_WHAT YOU SHOULD DO:_ Below are the records. Retype exactly the lines between the lines holding "(extremal_graph n)) = 2" and "then obtain u", inclusive.

[Items from a dataset]
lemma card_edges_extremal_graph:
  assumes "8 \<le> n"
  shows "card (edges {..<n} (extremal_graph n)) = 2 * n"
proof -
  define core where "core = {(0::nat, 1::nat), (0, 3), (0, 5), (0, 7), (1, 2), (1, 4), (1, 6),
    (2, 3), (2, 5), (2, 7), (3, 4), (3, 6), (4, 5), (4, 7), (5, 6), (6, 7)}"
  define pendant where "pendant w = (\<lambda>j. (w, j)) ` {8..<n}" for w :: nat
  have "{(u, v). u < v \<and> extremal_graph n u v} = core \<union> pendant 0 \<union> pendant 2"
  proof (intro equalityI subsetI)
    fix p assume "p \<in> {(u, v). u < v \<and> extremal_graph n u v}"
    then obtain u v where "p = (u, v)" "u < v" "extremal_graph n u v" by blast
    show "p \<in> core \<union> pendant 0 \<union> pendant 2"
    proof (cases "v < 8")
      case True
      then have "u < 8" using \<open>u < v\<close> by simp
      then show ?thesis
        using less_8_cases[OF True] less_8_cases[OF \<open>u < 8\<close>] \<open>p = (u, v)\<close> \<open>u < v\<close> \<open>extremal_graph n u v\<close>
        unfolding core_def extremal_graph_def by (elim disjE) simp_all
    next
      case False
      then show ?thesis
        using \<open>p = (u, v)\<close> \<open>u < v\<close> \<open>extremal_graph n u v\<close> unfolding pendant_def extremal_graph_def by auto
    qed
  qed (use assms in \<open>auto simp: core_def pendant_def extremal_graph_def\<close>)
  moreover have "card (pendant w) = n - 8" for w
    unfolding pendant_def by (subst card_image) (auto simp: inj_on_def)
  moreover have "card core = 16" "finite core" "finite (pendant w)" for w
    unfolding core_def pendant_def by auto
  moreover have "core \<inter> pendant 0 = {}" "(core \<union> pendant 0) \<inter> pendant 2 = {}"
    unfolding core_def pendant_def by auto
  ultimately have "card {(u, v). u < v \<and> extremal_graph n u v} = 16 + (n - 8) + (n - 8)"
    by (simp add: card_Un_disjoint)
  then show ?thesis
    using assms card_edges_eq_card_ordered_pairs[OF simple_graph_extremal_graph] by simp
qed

_RESPONSE:_
  shows "card (edges {..<n} (extremal_graph n)) = 2 * n"
proof -
  define core where "core = {(0::nat, 1::nat), (0, 3), (0, 5), (0, 7), (1, 2), (1, 4), (1, 6),
    (2, 3), (2, 5), (2, 7), (3, 4), (3, 6), (4, 5), (4, 7), (5, 6), (6, 7)}"
  define pendant where "pendant w = (\<lambda>j. (w, j)) ` {8..<n}" for w :: nat
  have "{(u, v). u < v \<and> extremal_graph n u v} = core \<union> pendant 0 \<union> pendant 2"
  proof (intro equalityI subsetI)
    fix p assume "p \<in> {(u, v). u < v \<and> extremal_graph n u v}"
    then obtain u v where "p = (u, v)" "u < v" "extremal_graph n u v" by blast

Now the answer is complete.